I need to talk to you. Meet me by the exit at the south corner of the church where the big storage room is.

He’d know. His groomsmen had bitched all night about hiding all the church decorations per Corinne’s request so they didn’t contaminate photos.

Someone would have to put them all back and I doubted it’d be Boyd’s friends. My brothers would. In a heartbeat.

I put my phone in a hidden pocket deep in my skirts. My heart rate calmed, having something that was mine, that I’d picked out, on my person. As I ventured into the empty hallway, I liked that my family could reach me. I wasn’t forging ahead alone.

Tate had called me three times in the last month. He rarely called. Since I’d announced the impending nuptials, Teller and Tenor had both made more stops at the family’s distillery in Bozeman to see me.
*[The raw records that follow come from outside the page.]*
lemma abs_le_top_ranked:
  assumes "finite S" "i \<in> top_ranked z S m" "j \<in> S - top_ranked z S m"
  shows "\<bar>z j\<bar> \<le> \<bar>z i\<bar>"
  using assms blk_rank_less[OF assms(1), of i j z] unfolding top_ranked_def by force

lemma card_diff_top_ranked_le:
  assumes "finite S" "T \<subseteq> S" "card T \<le> m"
  shows "card (T - top_ranked z S m) \<le> card (top_ranked z S m - T)"
proof (cases "top_ranked z S m = S")
  case True
  then show ?thesis using assms(2) by (metis Diff_eq_empty_iff card.empty zero_le)
next
  case False
  let ?R = "top_ranked z S m"
  have "?R \<subset> S" using False unfolding top_ranked_def by auto
  then have "card ?R = m"
    using card_top_ranked[OF assms(1), of z m] psubset_card_mono[OF assms(1) \<open>?R \<subset> S\<close>] by linarith
  moreover have "finite T" "finite ?R"
    using assms(1,2) finite_subset unfolding top_ranked_def by auto
  ultimately show ?thesis
    using assms(3) by (simp add: card_Diff_subset_Int Int_commute)
qed

text \<open>Outside their intersection, T has at most as many indices as the top-ranked set,
and each of its entries is dominated by each entry of the top-ranked set.\<close>

lemma sum_abs_le_sum_top_ranked:
  assumes "finite S" "T \<subseteq> S" "card T \<le> m"
  shows "(\<Sum>i\<in>T. \<bar>z i\<bar>) \<le> (\<Sum>i\<in>top_ranked z S m. \<bar>z i\<bar>)"
proof -
  let ?R = "top_ranked z S m"
  have fin: "finite T" "finite ?R"
    using assms(1,2) finite_subset unfolding top_ranked_def by auto
  have "(\<Sum>i\<in>T - ?R. \<bar>z i\<bar>) \<le> (\<Sum>i\<in>?R - T. \<bar>z i\<bar>)"
    using fin card_diff_top_ranked_le[OF assms] abs_le_top_ranked[OF assms(1)] assms(2)
    by (intro sum_le_sum_if_dominated) auto
  moreover have "(\<Sum>i\<in>T. \<bar>z i\<bar>) = (\<Sum>i\<in>T - ?R. \<bar>z i\<bar>) + (\<Sum>i\<in>T \<inter> ?R. \<bar>z i\<bar>)"
    using sum.Int_Diff[OF fin(1)] by (simp add: add.commute)
  moreover have "(\<Sum>i\<in>?R. \<bar>z i\<bar>) = (\<Sum>i\<in>?R - T. \<bar>z i\<bar>) + (\<Sum>i\<in>T \<inter> ?R. \<bar>z i\<bar>)"
    using sum.Int_Diff[OF fin(2)] by (simp add: add.commute Int_commute)
  ultimately show ?thesis by linarith
qed

lemma top_ranked_scale:
  assumes "c \<noteq> 0"
  shows "top_ranked (\<lambda>i. c * z i) S m = top_ranked z S m"
  using assms unfolding top_ranked_def blk_rank_def by (simp add: abs_mult)

lemma blk_start_mono: "k \<le> k' \<Longrightarrow> blk_start ds k \<le> blk_start ds k'"
  unfolding blk_start_def by (metis le_add1 le_add_diff_inverse sum_list_append take_add)

lemma blk_start_Suc: "k < length ds \<Longrightarrow> blk_start ds (Suc k) = blk_start ds k + ds ! k"
  unfolding blk_start_def by (simp add: take_Suc_conv_app_nth)

lemma blk_unique:
  assumes "k < length ds" "k' < length ds" "i \<in> blk ds k" "i \<in> blk ds k'"
  shows "k = k'"
proof -
  have "\<not> i \<in> blk ds k'" if "k < k'" "k < length ds" "i \<in> blk ds k" for k k'
    using that blk_start_Suc[of k ds] blk_start_mono[of "Suc k" k' ds] unfolding blk_def by auto
  then show ?thesis using assms by (metis linorder_neqE_nat)
qed

lemma lessThan_sum_list_eq_UN_blk: "{..<sum_list ds} = (\<Union>k<length ds. blk ds k)"
proof (induction ds rule: rev_induct)
  case Nil
  then show ?case by simp
next
  case (snoc a ds)
  have "blk (ds @ [a]) k = blk ds k" if "k < length ds" for k
    using that unfolding blk_def blk_start_def by (simp add: nth_append)
  moreover have "blk (ds @ [a]) (length ds) = {sum_list ds..<sum_list ds + a}"
    unfolding blk_def blk_start_def by simp
  ultimately have "(\<Union>k<length (ds @ [a]). blk (ds @ [a]) k)
      = {..<sum_list ds} \<union> {sum_list ds..<sum_list ds + a}"
    using snoc.IH by (simp add: lessThan_Suc Un_commute)
  also have "\<dots> = {..<sum_list (ds @ [a])}" by auto
  finally show ?case by simp
qed

definition blk_quota :: "nat list \<Rightarrow> real \<Rightarrow> nat \<Rightarrow> nat" where
  "blk_quota ds \<alpha> k = nat \<lceil>real (ds ! k) * \<alpha>\<rceil>"

definition blk_top :: "nat list \<Rightarrow> real \<Rightarrow> (nat \<Rightarrow> real) \<Rightarrow> nat \<Rightarrow> nat set" where
  "blk_top ds \<alpha> z k = top_ranked z (blk ds k) (blk_quota ds \<alpha> k)"

lemma FLT_on_blk:
  assumes "k < length ds" "i \<in> blk ds k"
  shows "FLT ds \<alpha> z i = (if i \<in> blk_top ds \<alpha> z k then 1 else 0)"
proof -
  have "(\<exists>k'<length ds. i \<in> blk ds k' \<and> blk_rank z (blk ds k') i < blk_quota ds \<alpha> k')
      \<longleftrightarrow> blk_rank z (blk ds k) i < blk_quota ds \<alpha> k"
    using assms blk_unique[OF assms(1) _ assms(2)] by blast
  then show ?thesis
    using assms(2) unfolding FLT_def blk_top_def top_ranked_def blk_quota_def by simp
qed

lemma finite_blk: "finite (blk ds k)"
  by (simp add: blk_def)

lemma blk_top_subset_blk: "blk_top ds \<alpha> z k \<subseteq> blk ds k"
  by (auto simp: blk_top_def top_ranked_def)

lemma top_norm_eq_sum_blk_top:
  "top_norm ds \<alpha> z = (\<Sum>k<length ds. \<Sum>i\<in>blk_top ds \<alpha> z k. \<bar>z i\<bar>)"
proof -
  have disjoint: "\<forall>k\<in>{..<length ds}. \<forall>k'\<in>{..<length ds}. k \<noteq> k' \<longrightarrow> blk ds k \<inter> blk ds k' = {}"
    using blk_unique by blast
  have "top_norm ds \<alpha> z = (\<Sum>k<length ds. \<Sum>i\<in>blk ds k. \<bar>z i * FLT ds \<alpha> z i\<bar>)"
    unfolding top_norm_def lessThan_sum_list_eq_UN_blk
    by (rule sum.UNION_disjoint[OF finite_lessThan _ disjoint]) (simp add: finite_blk)
  also have "\<dots> = (\<Sum>k<length ds. \<Sum>i\<in>blk ds k. if i \<in> blk_top ds \<alpha> z k then \<bar>z i\<bar> else 0)"
  proof (intro sum.cong refl)
    fix k i assume "k \<in> {..<length ds}" "i \<in> blk ds k"
    then show "\<bar>z i * FLT ds \<alpha> z i\<bar> = (if i \<in> blk_top ds \<alpha> z k then \<bar>z i\<bar> else 0)"
      by (simp add: FLT_on_blk[of k ds i])
  qed
  also have "\<dots> = (\<Sum>k<length ds. \<Sum>i\<in>blk_top ds \<alpha> z k. \<bar>z i\<bar>)"
    using blk_top_subset_blk
    by (simp add: sum.If_cases[OF finite_blk] Int_absorb1 flip: Collect_mem_eq)
  finally show ?thesis .
qed

lemma sum_abs_le_sum_blk_top:
  assumes "T \<subseteq> blk ds k" "card T \<le> blk_quota ds \<alpha> k"
  shows "(\<Sum>i\<in>T. \<bar>z i\<bar>) \<le> (\<Sum>i\<in>blk_top ds \<alpha> z k. \<bar>z i\<bar>)"
  unfolding blk_top_def using assms by (intro sum_abs_le_sum_top_ranked) (auto simp: blk_def)

lemma card_blk_top: "card (blk_top ds \<alpha> z k) \<le> blk_quota ds \<alpha> k"
  unfolding blk_top_def by (simp add: card_top_ranked blk_def)

lemma top_norm_nonneg: "0 \<le> top_norm ds \<alpha> z"
  unfolding top_norm_def by (simp add: sum_nonneg)

lemma abs_le_top_norm:
  assumes "0 < \<alpha>" "i < sum_list ds"
  shows "\<bar>z i\<bar> \<le> top_norm ds \<alpha> z"
proof -
  obtain k where k: "k < length ds" "i \<in> blk ds k"
    using assms(2) lessThan_sum_list_eq_UN_blk by blast
  then have "0 < real (ds ! k) * \<alpha>" using assms(1) unfolding blk_def by auto
  then have "card {i} \<le> blk_quota ds \<alpha> k" unfolding blk_quota_def by simp linarith
  then have "(\<Sum>j\<in>{i}. \<bar>z j\<bar>) \<le> (\<Sum>j\<in>blk_top ds \<alpha> z k. \<bar>z j\<bar>)"
    using k by (intro sum_abs_le_sum_blk_top) auto
  also have "\<dots> \<le> top_norm ds \<alpha> z"
    unfolding top_norm_eq_sum_blk_top using k
    by (intro member_le_sum) (auto intro: sum_nonneg)
  finally show ?thesis by simp
qed

lemma top_norm_eq_0_iff:
  assumes "0 < \<alpha>" "z \<in> vecs (sum_list ds)"
  shows "top_norm ds \<alpha> z = 0 \<longleftrightarrow> z = (\<lambda>_. 0)"
proof
  assume "top_norm ds \<alpha> z = 0"
  then have "z i = 0" if "i < sum_list ds" for i
    using abs_le_top_norm[OF assms(1) that, of z] by simp
  moreover have "z i = 0" if "\<not> i < sum_list ds" for i
    using assms(2) that unfolding vecs_def by simp
  ultimately show "z = (\<lambda>_. 0)" by blast
qed (simp add: top_norm_def)

lemma top_norm_scale: "top_norm ds \<alpha> (\<lambda>i. c * z i) = \<bar>c\<bar> * top_norm ds \<alpha> z"
proof (cases "c = 0")
  case True
  then show ?thesis by (simp add: top_norm_def)
next
  case False
  then have "blk_top ds \<alpha> (\<lambda>i. c * z i) k = blk_top ds \<alpha> z k" for k
    unfolding blk_top_def by (rule top_ranked_scale)
  then show ?thesis
    by (simp add: top_norm_eq_sum_blk_top abs_mult sum_distrib_left)
qed

lemma top_norm_triangle:
  "top_norm ds \<alpha> (\<lambda>i. x i + y i) \<le> top_norm ds \<alpha> x + top_norm ds \<alpha> y"
proof -
  let ?T = "blk_top ds \<alpha> (\<lambda>i. x i + y i)"
  have "(\<Sum>i\<in>?T k. \<bar>x i + y i\<bar>)
      \<le> (\<Sum>i\<in>blk_top ds \<alpha> x k. \<bar>x i\<bar>) + (\<Sum>i\<in>blk_top ds \<alpha> y k. \<bar>y i\<bar>)" for k
  proof -
    have "(\<Sum>i\<in>?T k. \<bar>x i + y i\<bar>) \<le> (\<Sum>i\<in>?T k. \<bar>x i\<bar>) + (\<Sum>i\<in>?T k. \<bar>y i\<bar>)"
      unfolding sum.distrib[symmetric] by (intro sum_mono abs_triangle_ineq)
    also have "\<dots> \<le> (\<Sum>i\<in>blk_top ds \<alpha> x k. \<bar>x i\<bar>) + (\<Sum>i\<in>blk_top ds \<alpha> y k. \<bar>y i\<bar>)"
      by (intro add_mono sum_abs_le_sum_blk_top blk_top_subset_blk card_blk_top)
    finally show ?thesis .
  qed
  then show ?thesis
    unfolding top_norm_eq_sum_blk_top sum.distrib[symmetric] by (intro sum_mono)
qed

theorem proposition1:
  fixes ds :: "nat list" and \<alpha> :: real
  assumes "0 < \<alpha>" and "\<alpha> \<le> 1"
  shows "is_norm_on (vecs (sum_list ds)) (top_norm ds \<alpha>)"
  using top_norm_nonneg top_norm_eq_0_iff[OF \<open>0 < \<alpha>\<close>] top_norm_scale top_norm_triangle
  unfolding is_norm_on_def by blast

end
So, yeah. My family would have my back. Boyd would understand, and if he loved me, he’d want me to be happy. He’d feel bad for pressuring me.

I scurried to the meeting spot, only the sound of my dress rustling to accompany me.
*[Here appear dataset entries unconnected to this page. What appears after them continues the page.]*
lemma F_term_eq:
  fixes a b :: real
  assumes a: "a \<ge> 0" and b: "b \<ge> 0" and r: "\<rho> > -1"
  defines "s \<equiv> 1 / (1 + \<rho>)"
  shows "(1/2) * ((if a > 0 then a * (((1/2) * (a powr s + b powr s)) / a powr s) powr \<rho> else 0)
               + (if b > 0 then b * (((1/2) * (a powr s + b powr s)) / b powr s) powr \<rho> else 0))
         = F_term \<rho> a b"
proof (cases "a + b > 0")
  case False
  then show ?thesis using a b by (simp add: F_term_def)
next
  case True
  define c where "c = a + b"
  define M where "M = (1/2) * (a powr s + b powr s)"
  have c: "c > 0" unfolding c_def using True .
  have rs1: "(1 + \<rho>) * s = 1" unfolding s_def using r by simp
  have M: "M > 0" unfolding M_def using a b True
    by (cases "a > 0") (auto intro: add_pos_nonneg add_nonneg_pos)
  \<comment> \<open>Each letter x contributes W^s M^rho, so the average is M^(1+rho).\<close>
  have letter: "(if x > 0 then x * (M / x powr s) powr \<rho> else 0) = x powr s * M powr \<rho>"
    if "x \<ge> 0" for x :: real
  proof (cases "x > 0")
    case True
    have "x * (M / x powr s) powr \<rho> = x powr (1 - s * \<rho>) * M powr \<rho>"
      using True M by (simp add: powr_divide powr_powr powr_diff)
    also have "1 - s * \<rho> = s" using rs1 by (simp add: algebra_simps)
    finally show ?thesis using True by simp
  qed (use that in simp)
  have L: "(1/2) * ((if a > 0 then a * (M / a powr s) powr \<rho> else 0)
      + (if b > 0 then b * (M / b powr s) powr \<rho> else 0)) = M powr (1 + \<rho>)"
    unfolding letter[OF a] letter[OF b] using M by (simp add: M_def powr_add algebra_simps)
  have "(a / c) powr s + (1 - a / c) powr s = (2 * M) / c powr s"
  proof -
    have "1 - a / c = b / c" unfolding c_def using c c_def by (simp add: field_simps)
    then show ?thesis unfolding M_def by (simp add: powr_divide add_divide_distrib)
  qed
  then have "((a / c) powr s + (1 - a / c) powr s) powr (1 + \<rho>)
      = (2 * M) powr (1 + \<rho>) / c powr (s * (1 + \<rho>))"
    by (simp add: powr_divide powr_powr)
  also have "s * (1 + \<rho>) = 1" using rs1 by (simp add: algebra_simps)
  finally have "F_bin \<rho> (a / c) = 2 powr (-\<rho>) * 2 powr (1 + \<rho>) * M powr (1 + \<rho>) / c"
    unfolding F_bin_def s_def[symmetric] using c by (simp add: powr_mult)
  also have "2 powr (-\<rho>) * 2 powr (1 + \<rho>) = 2" by (simp add: powr_add[symmetric])
  finally have R: "F_term \<rho> a b = M powr (1 + \<rho>)"
    unfolding F_term_def c_def[symmetric] using c by simp
  show ?thesis using L R unfolding M_def by simp
qed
Boyd didn’t reply. I waited, shifting my weight from foot to foot, my nerves making me fidgety the longer I stood there.

I didn’t look down. I didn’t want to see the silver brIDE stitched across the tops of my slippers.
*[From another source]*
(* Let $R=(\mathcal{F},\mathcal{V},\mathcal{R})$ with $\mathcal{R}=\{\ell_1\to r_1,\dots,\ell_n\to r_n\}$ and $R'=(\mathcal{F}',\mathcal{V}',\mathcal{R}')$ be TRSs with $R\cong_{\mathbf{SVE}}R'$, $R\cong_{\mathbf{LFE}}R'$ or $R\cong_{\mathbf{LE}}R'$, witnessed by the local isomorphism $\phi=(\phi_1,\dots,\phi_n)$, so $\mathcal{R}'=\{\phi_1(\ell_1)\to\phi_1(r_1),\dots,\phi_n(\ell_n)\to\phi_n(r_n)\}$. Then: (i) If $s\to_R t$ for $s,t\in T(\mathcal{F},\mathcal{V})$, then there is $1\le i\le n$ with $\phi_i(s)\to_{R'}\phi_i(t)$. However, there exist TRSs $R,R'$ with $R\cong_{\mathbf{LFE}}R'$ (hence also $R\cong_{\mathbf{SVE}}R'$ and $R\cong_{\mathbf{LE}}R'$), a witnessing family $\phi$, terms $s,t$ and an index $i$ such that $s\to_R t$ but not $\phi_i(s)\to_{R'}\phi_i(t)$. (ii) If $\phi_i(s)\to_{\{\phi_i(\ell_i)\to\phi_i(r_i)\}}\phi_i(t)$ for some $i$ and $s,t\in T(\mathcal{F},\mathcal{V})$, then $s\to_R t$. However, there exist TRSs $R,R'$ with $R\cong_{\mathbf{LFE}}R'$, a witnessing family $\phi$, terms $s,t$ and an index $j$ such that $\phi_j(s)\to_{R'}\phi_j(t)$ but not $s\to_R t$. (iii) There exist TRSs $R,R'$ with $R\cong_{\mathbf{LFE}}R'$ such that $R$ is terminating but $R'$ is not terminating.
   Context: Terms and TRSs: $\mathcal{F}$ is a finite set of function symbols with arity map $\mathrm{ar}:\mathcal{F}\to\mathbb{N}_0$, $\mathcal{V}$ a finite set of variables disjoint from $\mathcal{F}$, and $T(\mathcal{F},\mathcal{V})$ the usual set of first-order terms over them. $\mathrm{Var}(t)$ is the set of variables occurring in $t$. A term rewriting system (TRS) is a triple $R=(\mathcal{F},\mathcal{V},\mathcal{R})$ where $\mathcal{R}$ is a finite set of rules $\ell\to r$ with $\ell,r\in T(\mathcal{F},\mathcal{V})$, $\ell\notin\mathcal{V}$ and $\mathrm{Var}(r)\subseteq\mathrm{Var}(\ell)$; $\mathcal{F}$ and $\mathcal{V}$ contain all symbols occurring in the rules. Rewriting: $s\to_R t$ iff there are a context $C$ (a term over $\mathcal{F},\mathcal{V}$ with one hole), a rule $\ell\to r\in\mathcal{R}$ and a substitution $\sigma:\mathcal{V}\to T(\mathcal{F},\mathcal{V})$ with $s=C[\sigma(\ell)]$ and $t=C[\sigma(r)]$; for a single rule set $\{\ell\to r\}$ the relation $\to_{\{\ell\to r\}}$ is defined likewise. $R$ is terminating if there is no infinite sequence of $\to_R$-steps. Term isomorphisms: a term isomorphism $\phi:T(\mathcal{F},\mathcal{V})\to T(\mathcal{F}',\mathcal{V}')$ is a pair of bijections $\phi_{\mathcal{F}}:\mathcal{F}\to\mathcal{F}'$ with $\mathrm{ar}'(\phi_{\mathcal{F}}(f))=\mathrm{ar}(f)$ for all $f$, and $\phi_{\mathcal{V}}:\mathcal{V}\to\mathcal{V}'$, extended homomorphically to terms. We write $\phi|_{\mathcal{F}}=\phi_{\mathcal{F}}$, $\phi|_{\mathcal{V}}=\phi_{\mathcal{V}}$. It is $\mathcal{V}$-invariant if $\mathcal{V}=\mathcal{V}'$ and $\phi_{\mathcal{V}}=\mathrm{id}$. Normal forms: two distinct rules $\ell\to r$, $\ell'\to r'$ of $\mathcal{R}$ are equivalent (resp. $\mathcal{F}$-equivalent) if there is a term isomorphism (resp. a $\mathcal{V}$-invariant one) $\phi:T(\mathcal{F},\mathcal{V})\to T(\mathcal{F},\mathcal{V})$ with $\phi(\ell)=\ell'$ and $\phi(r)=r'$. $R$ is in normal form (resp. $\mathcal{F}$-normal form) if $\mathcal{R}$ contains no pair of equivalent (resp. $\mathcal{F}$-equivalent) rules. TRS isomorphisms: a local isomorphism from $R$ to $R'$ is a family $(\phi_1,\dots,\phi_n)$ of term isomorphisms $T(\mathcal{F},\mathcal{V})\to T(\mathcal{F}',\mathcal{V}')$ with $\{\phi_i(\ell_i)\to\phi_i(r_i):1\le i\le n\}=\mathcal{R}'$. $R\cong_{\mathbf{LE}}R'$ if both are in normal form and a local isomorphism exists; $R\cong_{\mathbf{SVE}}R'$ if both are in $\mathcal{F}$-normal form and there is a local isomorphism with $\phi_1|_{\mathcal{V}}=\dots=\phi_n|_{\mathcal{V}}$; $R\cong_{\mathbf{LFE}}R'$ if both are in $\mathcal{F}$-normal form and there is a local isomorphism all of whose $\phi_i$ are $\mathcal{V}$-invariant. *)

theory Defs
  imports Main
begin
Soft piano music filtered down the hall from the chapel. The entrance was down another hallway. My sisters and I had been put in the room the farthest away. The church was large and already filled with murmurs. How many people were in attendance?

Mama would be greeting everyone who arrived. Mrs. Harrington had insisted Mama stay with me, like Mama was too unrefined to greet any of Boyd’s side. My mama might seem meek and subservient, but she did what she damn well pleased. I should’ve taken notes.

“What’s going on?” Boyd’s commanding tone cut through the quiet.

I spun, a gasp escaping my lips. Had he been in the chapel greeting folks? Or was the plan to keep me and my family locked up until it was time to perform?

The clarity I was experiencing today should’ve happened much sooner, but at least it hadn’t waited longer. “I’m—uh . . .” Turned out, canceling a wedding was hard to announce to the groom.

“Summer,” he snapped. “We have ten minutes and you look—” He made a tsking sound. He gripped the sides of my face and smoothed his thumbs under my eyes. The smeared mascara. “You’re a mess.”

“Thanks,” I said sarcastically.

He scowled and tried to rub the black off his thumbs with his fingers. “You know what I mean.” He closed his eyes and seemed to collect himself. “You’re beautiful, but I know you want to be radiant on your wedding day.”

He did that a lot, didn’t he? Reframed a situation to be about what I wanted so I’d look foolish if I disagreed. He was saying what he wanted. He got me to do what he wanted.

I lifted my chin. “I wanted a summer wedding.”

He got a dumbfounded expression. “Okay? You’re telling me now?”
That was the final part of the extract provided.